Yes, everything looks correct. :D

You asked why do we need the distance formula...well, you originally posted that you need the length, and I assume you are being asked to find the length of line segment $\overline{AB}$.

 

[CellCoree]

iii) the y-intercept

b) To determine the coordinates of point B, we need to solve the system of equations formed by the two lines in part a) and y=x+8. This can be done by setting the equations equal to each other and solving for x and y.

2x+11 = x+8
x = -3

Substituting x=-3 into either equation, we get y=5. Therefore, the coordinates of point B are (-3,5).

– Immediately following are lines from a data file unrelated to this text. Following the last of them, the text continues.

(* Let $A$ be a bounded operator on a Hilbert space $H$, let $X$ be a bounded subset of $\mathbb{C}$ such that $X^{-}$ contains the spectrum of $A$, and let $\kappa>0$. The following are equivalent: (i) $\kappa$ is a spectral constant for $A$ on $X$; (ii) $\kappa$ is a spectral constant for $A$ on every smoothly bounded open neighbourhood $\Omega$ of the spectrum of $A$ for which $\Omega^{-}$ contains $X$. If $X$ is convex, then (i) and (ii) are also equivalent to: (iii) $\kappa$ is a spectral constant for $A$ on every convex smoothly bounded open neighbourhood $\Omega$ of the spectrum of $A$ for which $\Omega^{-}$ contains $X$.
   Context: For a bounded set $Y\subseteq\mathbb{C}$ whose closure contains the spectrum of $A$, a positive number $\kappa$ is a spectral constant for $A$ on $Y$ if $\|f(A)\|\le\kappa\sup_{z\in Y}|f(z)|$ for every rational function $f\colon Y^{-}\to\mathbb{C}$ with poles off $Y^{-}$. An open subset $\Omega$ of $\mathbb{C}$ is smoothly bounded if it is bounded and $\partial\Omega$ is an embedded smooth submanifold of $\mathbb{C}$. *)

theory Defs
  imports "HOL-Analysis.Analysis" "HOL-Computational_Algebra.Polynomial"
begin

class complex_inner = real_normed_vector +
  fixes scaleC :: "complex \<Rightarrow> 'a \<Rightarrow> 'a" (infixr \<open>*\<^sub>C\<close> 75)
  fixes cinner :: "'a \<Rightarrow> 'a \<Rightarrow> complex"
  assumes scaleC_add_right: "a *\<^sub>C (x + y) = a *\<^sub>C x + a *\<^sub>C y"
    and scaleC_add_left: "(a + b) *\<^sub>C x = a *\<^sub>C x + b *\<^sub>C x"
    and scaleC_scaleC: "a *\<^sub>C (b *\<^sub>C x) = (a * b) *\<^sub>C x"
    and scaleC_one: "1 *\<^sub>C x = x"
    and scaleR_scaleC: "scaleR r x = complex_of_real r *\<^sub>C x"
    and cinner_add_left: "cinner (x + y) z = cinner x z + cinner y z"
    and cinner_scaleC_left: "cinner (a *\<^sub>C x) y = cnj a * cinner x y"
    and cinner_commute: "cinner x y = cnj (cinner y x)"
    and cinner_norm: "cinner x x = complex_of_real ((norm x)\<^sup>2)"

class chilbert_space = complex_inner + complete_space

definition bounded_op :: "('a::complex_inner \<Rightarrow> 'a) \<Rightarrow> bool" where
  "bounded_op A \<longleftrightarrow> bounded_linear A \<and> (\<forall>c x. A (c *\<^sub>C x) = c *\<^sub>C A x)"

definition op_spectrum :: "('a::complex_inner \<Rightarrow> 'a) \<Rightarrow> complex set" where
  "op_spectrum A = {l. \<not> (\<exists>B. bounded_op B \<and> (\<forall>x. B (A x - l *\<^sub>C x) = x)
                                    \<and> (\<forall>x. A (B x) - l *\<^sub>C B x = x))}"

definition op_poly :: "complex poly \<Rightarrow> ('a::complex_inner \<Rightarrow> 'a) \<Rightarrow> 'a \<Rightarrow> 'a" where
  "op_poly p A = (\<lambda>x. \<Sum>i\<le>degree p. coeff p i *\<^sub>C ((A ^^ i) x))"

definition op_rat :: "complex poly \<Rightarrow> complex poly \<Rightarrow> ('a::complex_inner \<Rightarrow> 'a) \<Rightarrow> 'a \<Rightarrow> 'a" where
  "op_rat p q A = op_poly p A \<circ> inv (op_poly q A)"

text \<open>Spectral constant: rational functions with poles off the closure of \<open>Y\<close>
  are represented as quotients \<open>p/q\<close> with \<open>q \<noteq> 0\<close> having no zero on \<open>closure Y\<close>.\<close>
definition spectral_constant :: "('a::complex_inner \<Rightarrow> 'a) \<Rightarrow> complex set \<Rightarrow> real \<Rightarrow> bool" where
  "spectral_constant A Y \<kappa> \<longleftrightarrow> \<kappa> > 0 \<and>
     (\<forall>p q. q \<noteq> 0 \<and> (\<forall>z\<in>closure Y. poly q z \<noteq> 0) \<longrightarrow>
        onorm (op_rat p q A) \<le> \<kappa> * (SUP z\<in>Y. norm (poly p z / poly q z)))"

text \<open>Iterated directional (real) derivatives of a map \<open>\<complex> \<rightarrow> \<complex>\<close> viewed as \<open>\<real>\<^sup>2 \<rightarrow> \<real>\<^sup>2\<close>.\<close>
fun iter_pd :: "complex list \<Rightarrow> (complex \<Rightarrow> complex) \<Rightarrow> complex \<Rightarrow> complex" where
  "iter_pd [] f = f"
| "iter_pd (v # vs) f = (\<lambda>z. vector_derivative (\<lambda>t::real. iter_pd vs f (z + complex_of_real t * v)) (at 0))"

definition smooth_on :: "complex set \<Rightarrow> (complex \<Rightarrow> complex) \<Rightarrow> bool" where
  "smooth_on U f \<longleftrightarrow> open U \<and>
     (\<forall>vs. set vs \<subseteq> {1, \<i>} \<longrightarrow> continuous_on U (iter_pd vs f) \<and>
        (\<forall>v\<in>{1, \<i>}. \<forall>z\<in>U. (\<lambda>t::real. iter_pd vs f (z + complex_of_real t * v)) differentiable (at 0)))"

text \<open>Embedded smooth submanifold of \<open>\<complex> = \<real>\<^sup>2\<close> (of any dimension): locally straightened by a
  diffeomorphism onto a (real) linear subspace.\<close>
definition embedded_smooth_submanifold :: "complex set \<Rightarrow> bool" where
  "embedded_smooth_submanifold M \<longleftrightarrow>
     (\<forall>p\<in>M. \<exists>U \<phi> L. open U \<and> p \<in> U \<and> inj_on \<phi> U \<and> open (\<phi> ` U) \<and>
        smooth_on U \<phi> \<and> smooth_on (\<phi> ` U) (the_inv_into U \<phi>) \<and>
        subspace L \<and> \<phi> ` (U \<inter> M) = \<phi> ` U \<inter> L)"

definition smoothly_bounded :: "complex set \<Rightarrow> bool" where
  "smoothly_bounded \<Omega> \<longleftrightarrow> open \<Omega> \<and> bounded \<Omega> \<and> embedded_smooth_submanifold (frontier \<Omega>)"

end

theory Submission
  imports Defs "HOL-Complex_Analysis.Complex_Analysis"
    "HOL-Computational_Algebra.Fundamental_Theorem_Algebra"
begin

text \<open>
  (i) implies (ii) and (iii) because the supremum over \<open>X\<close> of a function continuous on
  \<open>\<Omega>\<^sup>-\<close> is at most its supremum over \<open>\<Omega>\<close>.

  For the converse fix \<open>f = p/q\<close> with \<open>q\<close> zero-free on \<open>X\<^sup>-\<close>. Perturb \<open>p\<close> to
  \<open>P = p + \<delta> r\<close> with \<open>deg r\<close> large, so that \<open>P\<close> and \<open>q\<close> have no common zero and
  \<open>|P/q| \<rightarrow> \<infinity>\<close> at infinity. Then the lemniscate \<open>{|P| < M |q|}\<close> is a bounded neighbourhood
  of \<open>X\<^sup>-\<close> for \<open>M\<close> slightly above \<open>sup\<^sub>X |P/q|\<close>, and it is smoothly bounded as soon as \<open>M\<close>
  avoids the finitely many critical values of \<open>|P/q|\<close>: near its boundary, \<open>Ln\<close> of a
  normalisation of \<open>P/q\<close> is a chart flattening the boundary onto a line. Letting \<open>\<delta> \<rightarrow> 0\<close> gives
  (i). For convex \<open>X\<close>, take a Riemann map \<open>\<phi>\<close> of a convex neighbourhood of \<open>X\<^sup>-\<close> on which
  \<open>|f| < sup\<^sub>X |f| + \<epsilon>\<close>. The sublevel sets \<open>{|\<phi>| < r}\<close> are convex by Study's theorem
  (a consequence of Schwarz's lemma) and smoothly bounded by the same chart argument.
\<close>

section \<open>Rational functional calculus\<close>

lemma scaleC_zero_right [simp]: "a *\<^sub>C (0::'a::complex_inner) = 0"
proof -
  have "a *\<^sub>C (0::'a) = a *\<^sub>C 0 + a *\<^sub>C 0" by (metis add_0 scaleC_add_right)
  then show ?thesis by simp
qed

lemma scaleC_zero_left [simp]: "0 *\<^sub>C (x::'a::complex_inner) = 0"
proof -
  have "0 *\<^sub>C x = 0 *\<^sub>C x + 0 *\<^sub>C x" by (metis add_0 scaleC_add_left)
  then show ?thesis by simp
qed
(* Let $f:\Sigma^\ast\to\Sigma^\ast$ be a total rational function, let $\sim_R$ be a left congruence of finite index with $\sim_R\sqsubseteq\sim_{R_0}$, and let $L^R$ be the left automaton of the canonical bimachine $B^R$. Then $\sim_{L^0}\sqsubseteq\sim_{L^R}$, where $L^0=L^{R_0}$.
   Context: For words $u,v$, $u\wedge v$ denotes their longest common prefix, $\bigwedge X$ the longest common prefix of a nonempty set $X$, and $\lVert u,v\rVert=|u|+|v|-2|u\wedge v|$. The left syntactic congruence: $u\sim_{R_0}v$ iff for all $w$, $wu\in\mathrm{dom}(f)\Leftrightarrow wv\in\mathrm{dom}(f)$ and $\sup\{\lVert f(wu),f(wv)\rVert: wu\in\mathrm{dom}f\}<\infty$. For a left congruence $\sim_R$ of finite index finer than $\sim_{R_0}$, let $R=\Sigma^\ast/\sim_R$, $r_0=[\varepsilon]$, and for $r=[u]$, $\sigma r=[\sigma u]$ (this is the right automaton of $B^R$). For $r\in R$ and $u\in\Sigma^\ast$ put $\widehat f_r(u)=\bigwedge\{f(uv): v\in r, uv\in\mathrm{dom}(f)\}$ (defined when this set is nonempty). Define the right congruence $u\sim_{L^R}v$ iff for all $\sigma\in\Sigma$, $w\in\Sigma^\ast$, $r\in R$: $\widehat f_{\sigma r}(uw)^{-1}\widehat f_r(uw\sigma)=\widehat f_{\sigma r}(vw)^{-1}\widehat f_r(vw\sigma)$ and $\widehat f_{r_0}(uw)^{-1}f(uw)=\widehat f_{r_0}(vw)^{-1}f(vw)$, whenever these expressions are defined. $L^R$ is the deterministic left automaton $(\Sigma^\ast/\sim_{L^R},[\varepsilon],[u]\xrightarrow{\sigma}[u\sigma])$; it is the left automaton of a bimachine $B^R$ with right automaton $R$ defining $f$. $L^0$ denotes $L^{R_0}$ (taking $\sim_R=\sim_{R_0}$). For a deterministic automaton $A$ with initial state $q_0$, $u\sim_A v$ iff $A$ reaches the same states from $q_0$ on $u$ and on $v$ (so $\sim_{L^R}$ is the congruence defining $L^R$). $\sim_1\sqsubseteq\sim_2$ means $u\sim_1v\Rightarrow u\sim_2v$. *)

theory Defs
  imports Main "HOL-Library.Sublist"
begin

inductive run :: "(nat \<times> 'a \<times> 'b list \<times> nat) set \<Rightarrow> nat \<Rightarrow> 'a list \<Rightarrow> 'b list \<Rightarrow> nat \<Rightarrow> bool"
  for D where
  run_Nil: "run D p [] [] p"
| run_Cons: "(p, a, x, p') \<in> D \<Longrightarrow> run D p' u y q \<Longrightarrow> run D p (a # u) (x @ y) q"

text \<open>A total function is rational iff its graph is exactly the relation realised by a
  finite-state transducer (finite states Q, initial states I, finite transitions D,
  final output function Fin).\<close>
definition rational_function :: "('a list \<Rightarrow> 'b list) \<Rightarrow> bool" where
  "rational_function f \<longleftrightarrow>
     (\<exists>(Q::nat set) I D (Fin :: nat \<Rightarrow> 'b list option).
        finite Q \<and> I \<subseteq> Q \<and> finite D \<and> D \<subseteq> Q \<times> UNIV \<times> UNIV \<times> Q \<and>
        (\<forall>q. Fin q \<noteq> None \<longrightarrow> q \<in> Q) \<and>
        (\<forall>u v. (\<exists>i q y z. i \<in> I \<and> run D i u y q \<and> Fin q = Some z \<and> v = y @ z)
                 \<longleftrightarrow> v = f u))"

definition lcp :: "'a list \<Rightarrow> 'a list \<Rightarrow> 'a list" where
  "lcp u v = Longest_common_prefix {u, v}"

definition wdist :: "'a list \<Rightarrow> 'a list \<Rightarrow> nat" where
  "wdist u v = length u + length v - 2 * length (lcp u v)"

text \<open>Left quotient a^{-1} b, defined only when a is a prefix of b.\<close>
definition lquot :: "'a list option \<Rightarrow> 'a list option \<Rightarrow> 'a list option" where
  "lquot a b = (case (a, b) of (Some a', Some b') \<Rightarrow>
       (if prefix a' b' then Some (drop (length a') b') else None) | _ \<Rightarrow> None)"

text \<open>Left syntactic congruence ~R0 (dom f = all words, since f is total).\<close>
definition R0 :: "('a list \<Rightarrow> 'b list) \<Rightarrow> 'a list \<Rightarrow> 'a list \<Rightarrow> bool" where
  "R0 f u v \<longleftrightarrow> (\<exists>B. \<forall>w. wdist (f (w @ u)) (f (w @ v)) \<le> B)"

definition left_congruence :: "('a list \<Rightarrow> 'a list \<Rightarrow> bool) \<Rightarrow> bool" where
  "left_congruence R \<longleftrightarrow> equivp R \<and> (\<forall>w u v. R u v \<longrightarrow> R (w @ u) (w @ v))"

definition finite_index :: "('a list \<Rightarrow> 'a list \<Rightarrow> bool) \<Rightarrow> bool" where
  "finite_index R \<longleftrightarrow> finite (UNIV // {(u, v). R u v})"

definition cls :: "('a list \<Rightarrow> 'a list \<Rightarrow> bool) \<Rightarrow> 'a list \<Rightarrow> 'a list set" where
  "cls R u = {v. R u v}"

definition fhat :: "('a list \<Rightarrow> 'b list) \<Rightarrow> 'a list set \<Rightarrow> 'a list \<Rightarrow> 'b list option" where
  "fhat f r u = (if r = {} then None else Some (Longest_common_prefix {f (u @ v) | v. v \<in> r}))"

text \<open>The right congruence ~L^R. The states r of R are the classes [x]; \<sigma> r = [\<sigma> x].\<close>
definition LR :: "('a list \<Rightarrow> 'b list) \<Rightarrow> ('a list \<Rightarrow> 'a list \<Rightarrow> bool) \<Rightarrow> 'a list \<Rightarrow> 'a list \<Rightarrow> bool" where
  "LR f R u v \<longleftrightarrow>
     (\<forall>\<sigma> w x.
        lquot (fhat f (cls R (\<sigma> # x)) (u @ w)) (fhat f (cls R x) (u @ w @ [\<sigma>])) =
        lquot (fhat f (cls R (\<sigma> # x)) (v @ w)) (fhat f (cls R x) (v @ w @ [\<sigma>])))
   \<and> (\<forall>w. lquot (fhat f (cls R []) (u @ w)) (Some (f (u @ w))) =
          lquot (fhat f (cls R []) (v @ w)) (Some (f (v @ w))))"

end

theory Submission
  imports Defs
begin

text \<open>Write \<open>H u w\<close> (\<open>fhat0\<close>) for the longest common prefix of the outputs \<open>f (u y)\<close>
  over the \<open>R0\<close>-class of \<open>w\<close>, and split \<open>f (u w) = H u w \<cdot> res u w\<close> (\<open>residual0\<close>).
  Reading \<open>w\<close> letter by letter, \<open>res u w\<close> telescopes into the increments
  \<open>H u (\<sigma> w')\<^sup>-\<^sup>1 H (u \<sigma>) w'\<close> followed by \<open>res (u w) []\<close>; these are exactly the quantities that
  \<open>LR f (R0 f) u v\<close> declares equal for \<open>u\<close> and \<open>v\<close>, so \<open>res u w = res v w\<close> for all \<open>w\<close>.
  Since \<open>R\<close> refines \<open>R0\<close>, the class \<open>r\<close> of \<open>x\<close> gives \<open>fhat f r u = H u x \<cdot> \<And>{res u y | y \<in> r}\<close>,
  so each quotient in the definition of \<open>LR f R\<close> is the corresponding quotient for \<open>R0\<close>
  followed by a word built from residuals alone.
  Neither rationality of \<open>f\<close> nor finiteness of the index is needed.\<close>

lemma Longest_common_prefix_image_append:
  assumes "L \<noteq> {}"
  shows "Longest_common_prefix ((@) c ` L) = c @ Longest_common_prefix L"
proof (induction c)
  case (Cons a c)
  have "(@) (a # c) ` L = (#) a ` ((@) c ` L)" by auto
  then show ?case using Cons assms by (simp add: Longest_common_prefix_image_Cons)
qed simp

lemma Longest_common_prefix_antimono:
  assumes "A \<subseteq> B" "A \<noteq> {}"
  shows "prefix (Longest_common_prefix B) (Longest_common_prefix A)"
  using assms by (intro Longest_common_prefix_max_prefix) (auto intro: Longest_common_prefix_prefix)

lemma lcp_self: "lcp x x = x"
  unfolding lcp_def by (rule Longest_common_prefix_eq) (auto simp: prefix_length_le)

lemma lcp_commute: "lcp x y = lcp y x"
  unfolding lcp_def by (simp add: insert_commute)

lemma prefix_lcp1: "prefix (lcp x y) x"
  and prefix_lcp2: "prefix (lcp x y) y"
  unfolding lcp_def by (auto intro: Longest_common_prefix_prefix)

lemma length_lcp_ge_if_prefix:
  "prefix p x \<Longrightarrow> prefix p y \<Longrightarrow> length p \<le> length (lcp x y)"
  unfolding lcp_def by (intro Longest_common_prefix_longest) auto

lemma wdist_self: "wdist x x = 0"
  by (simp add: wdist_def lcp_self)

lemma wdist_commute: "wdist x y = wdist y x"
  by (simp add: wdist_def lcp_commute)

lemma wdist_triangle: "wdist x z \<le> wdist x y + wdist y z"
proof -
  let ?p = "lcp x y" and ?q = "lcp y z"
  have "prefix ?p y" "prefix ?q y"
    by (rule prefix_lcp2, rule prefix_lcp1)
  then consider "prefix ?p ?q" | "prefix ?q ?p"
    using prefix_same_cases by blast
  then have "min (length ?p) (length ?q) \<le> length (lcp x z)"
  proof cases
    case 1
    then have "prefix ?p z"
      using prefix_lcp2[of y z] prefix_order.trans by blast
    then show ?thesis
      using prefix_lcp1[of x y] length_lcp_ge_if_prefix by fastforce
  next
    case 2
    then have "prefix ?q x"
      using prefix_lcp1[of x y] prefix_order.trans by blast
    then show ?thesis
      using prefix_lcp2[of y z] length_lcp_ge_if_prefix by fastforce
  qed
  moreover have "length (lcp x z) \<le> length x" "length (lcp x z) \<le> length z"
    "length ?p \<le> length x" "length ?p \<le> length y" "length ?q \<le> length y" "length ?q \<le> length z"
    using prefix_lcp1 prefix_lcp2 prefix_length_le by blast+
  ultimately show ?thesis
    unfolding wdist_def by linarith
qed

lemma R0_refl: "R0 f u u"
  unfolding R0_def by (auto simp: wdist_self)

lemma R0_sym: "R0 f u v \<Longrightarrow> R0 f v u"
  unfolding R0_def by (metis wdist_commute)

lemma R0_trans:
  assumes "R0 f u v" "R0 f v w"
  shows "R0 f u w"
proof -
  obtain B C where "\<forall>z. wdist (f (z @ u)) (f (z @ v)) \<le> B" "\<forall>z. wdist (f (z @ v)) (f (z @ w)) \<le> C"
    using assms unfolding R0_def by blast
  then have "\<forall>z. wdist (f (z @ u)) (f (z @ w)) \<le> B + C"
    by (meson add_mono order_trans wdist_triangle)
  then show ?thesis
    unfolding R0_def by blast
qed

lemma R0_append_left: "R0 f u v \<Longrightarrow> R0 f (w @ u) (w @ v)"
  unfolding R0_def by (metis append.assoc)

definition fhat0 :: "('a list \<Rightarrow> 'b list) \<Rightarrow> 'a list \<Rightarrow> 'a list \<Rightarrow> 'b list" where
  "fhat0 f u w = Longest_common_prefix {f (u @ y) | y. R0 f w y}"

definition residual0 :: "('a list \<Rightarrow> 'b list) \<Rightarrow> 'a list \<Rightarrow> 'a list \<Rightarrow> 'b list" where
  "residual0 f u w = drop (length (fhat0 f u w)) (f (u @ w))"

definition increment0 :: "('a list \<Rightarrow> 'b list) \<Rightarrow> 'a list \<Rightarrow> 'a \<Rightarrow> 'a list \<Rightarrow> 'b list" where
  "increment0 f u \<sigma> w = drop (length (fhat0 f u (\<sigma> # w))) (fhat0 f (u @ [\<sigma>]) w)"

lemma fhat_cls_R0: "fhat f (cls (R0 f) w) u = Some (fhat0 f u w)"
  unfolding fhat_def cls_def fhat0_def using R0_refl[of f w] by auto

lemma fhat0_cong: "R0 f w y \<Longrightarrow> fhat0 f u y = fhat0 f u w"
  unfolding fhat0_def by (metis R0_sym R0_trans)

lemma f_eq_fhat0_residual0: "f (u @ w) = fhat0 f u w @ residual0 f u w"
proof -
  have "prefix (fhat0 f u w) (f (u @ w))"
    unfolding fhat0_def using R0_refl[of f w] by (auto intro: Longest_common_prefix_prefix)
  then show ?thesis
    unfolding residual0_def by (auto simp: prefix_def)
qed

lemma fhat0_snoc_eq: "fhat0 f (u @ [\<sigma>]) w = fhat0 f u (\<sigma> # w) @ increment0 f u \<sigma> w"
proof -
  have "{f ((u @ [\<sigma>]) @ y) | y. R0 f w y} \<subseteq> {f (u @ y) | y. R0 f (\<sigma> # w) y}"
    using R0_append_left[of f _ _ "[\<sigma>]"] by fastforce
  moreover have "{f ((u @ [\<sigma>]) @ y) | y. R0 f w y} \<noteq> {}"
    using R0_refl[of f w] by auto
  ultimately have "prefix (fhat0 f u (\<sigma> # w)) (fhat0 f (u @ [\<sigma>]) w)"
    unfolding fhat0_def by (rule Longest_common_prefix_antimono)
  then show ?thesis
    unfolding increment0_def by (auto simp: prefix_def)
qed

lemma residual0_Cons:
  "residual0 f u (\<sigma> # w) = increment0 f u \<sigma> w @ residual0 f (u @ [\<sigma>]) w"
  using f_eq_fhat0_residual0[of f u "\<sigma> # w"] f_eq_fhat0_residual0[of f "u @ [\<sigma>]" w]
  by (simp add: fhat0_snoc_eq)

lemma lquot_Some_append: "lquot (Some x) (Some (x @ y)) = Some y"
  unfolding lquot_def by simp

lemma lquot_append_cancel: "lquot (Some (z @ x)) (Some (z @ y)) = lquot (Some x) (Some y)"
  unfolding lquot_def by simp

lemma LR_append_right: "LR f R u v \<Longrightarrow> LR f R (u @ z) (v @ z)"
  unfolding LR_def by (metis append.assoc)

lemma increment0_LR0_eq: "LR f (R0 f) u v \<Longrightarrow> increment0 f u \<sigma> w = increment0 f v \<sigma> w"
  unfolding LR_def fhat_cls_R0
  by (metis append.left_neutral append_Nil2 fhat0_snoc_eq lquot_Some_append option.inject)

lemma residual0_Nil_LR0_eq: "LR f (R0 f) u v \<Longrightarrow> residual0 f u [] = residual0 f v []"
  unfolding LR_def fhat_cls_R0
  by (metis append_Nil2 f_eq_fhat0_residual0 lquot_Some_append option.inject)

lemma residual0_LR0_eq: "LR f (R0 f) u v \<Longrightarrow> residual0 f u w = residual0 f v w"
proof (induction w arbitrary: u v)
  case Nil
  then show ?case by (rule residual0_Nil_LR0_eq)
next
  case (Cons \<sigma> w)
  then show ?case
    by (simp add: residual0_Cons increment0_LR0_eq LR_append_right)
qed

lemma fhat_cls_refinement:
  assumes "left_congruence R" and "\<forall>u v. R u v \<longrightarrow> R0 f u v"
  shows "fhat f (cls R x) u = Some (fhat0 f u x @ Longest_common_prefix {residual0 f u y | y. R x y})"
proof -
  have "R x x"
    using assms(1) unfolding left_congruence_def by (meson equivp_reflp)
  then have nonempty: "{residual0 f u y | y. R x y} \<noteq> {}" "cls R x \<noteq> {}"
    by (auto simp: cls_def)
  have "f (u @ y) = fhat0 f u x @ residual0 f u y" if "R x y" for y
    using that assms(2) by (metis f_eq_fhat0_residual0 fhat0_cong)
  then have "{f (u @ y) | y. y \<in> cls R x} = (@) (fhat0 f u x) ` {residual0 f u y | y. R x y}"
    by (auto simp: cls_def) metis
  then show ?thesis
    unfolding fhat_def using nonempty(2) Longest_common_prefix_image_append[OF nonempty(1)] by simp
qed

context
  fixes f :: "'a list \<Rightarrow> 'b list" and R :: "'a list \<Rightarrow> 'a list \<Rightarrow> bool"
  assumes left_congruence: "left_congruence R"
    and refines_R0: "\<forall>u v. R u v \<longrightarrow> R0 f u v"
begin

lemma lquot_fhat_transition_LR0_eq:
  assumes "LR f (R0 f) u v"
  shows "lquot (fhat f (cls R (\<sigma> # x)) u) (fhat f (cls R x) (u @ [\<sigma>])) =
         lquot (fhat f (cls R (\<sigma> # x)) v) (fhat f (cls R x) (v @ [\<sigma>]))"
proof -
  have "LR f (R0 f) (u @ [\<sigma>]) (v @ [\<sigma>])"
    using assms by (rule LR_append_right)
  then show ?thesis
    using assms
    by (simp add: fhat_cls_refinement[OF left_congruence refines_R0] fhat0_snoc_eq
        lquot_append_cancel residual0_LR0_eq increment0_LR0_eq)
qed

lemma lquot_fhat_final_LR0_eq:
  assumes "LR f (R0 f) u v"
  shows "lquot (fhat f (cls R []) u) (Some (f u)) = lquot (fhat f (cls R []) v) (Some (f v))"
  using assms f_eq_fhat0_residual0[of f u "[]"] f_eq_fhat0_residual0[of f v "[]"]
  by (simp add: fhat_cls_refinement[OF left_congruence refines_R0]
      lquot_append_cancel residual0_LR0_eq)

end

theorem mainTheorem13:
  fixes f :: "('a::finite) list \<Rightarrow> 'a list"
    and R :: "'a list \<Rightarrow> 'a list \<Rightarrow> bool"
  assumes "rational_function f"
    and "left_congruence R"
    and "finite_index R"
    and "\<forall>u v. R u v \<longrightarrow> R0 f u v"
  shows "\<forall>u v. LR f (R0 f) u v \<longrightarrow> LR f R u v"
proof (intro allI impI)
  fix u v
  assume "LR f (R0 f) u v"
  then have LR0: "LR f (R0 f) (u @ w) (v @ w)" for w
    by (rule LR_append_right)
  show "LR f R u v"
    unfolding LR_def
    using lquot_fhat_transition_LR0_eq[OF assms(2,4) LR0] lquot_fhat_final_LR0_eq[OF assms(2,4) LR0]
    by simp
qed

end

c) i) To find the length of the line segment AB, we can use the distance formula:

d = √[(x2-x1)^2 + (y2-y1)^2]

Where (x1,y1) = (-4,3) and (x2,y2) = (-3,5)

d = √[(-3-(-4))^2 + (5-3)^2]
d = √[1+4]
d = √5

Therefore, the length of AB is √5.

ii) The gradient of a line is given by the formula m = (y2-y1)/(x2-x1). Using the coordinates of points A and B, we can find the gradient of the line AB:

m = (5-3)/(-3-(-4))
m = 2/-1
m = -2

Therefore, the gradient of line AB is -2.

iii) To find the y-intercept of the line AB, we can substitute the coordinates of point B into the equation of the line found in part a):

y = 2x+11
5 = 2(-3)+11
5 = -6+11
5 = 5

Therefore, the y-intercept of line AB is 5.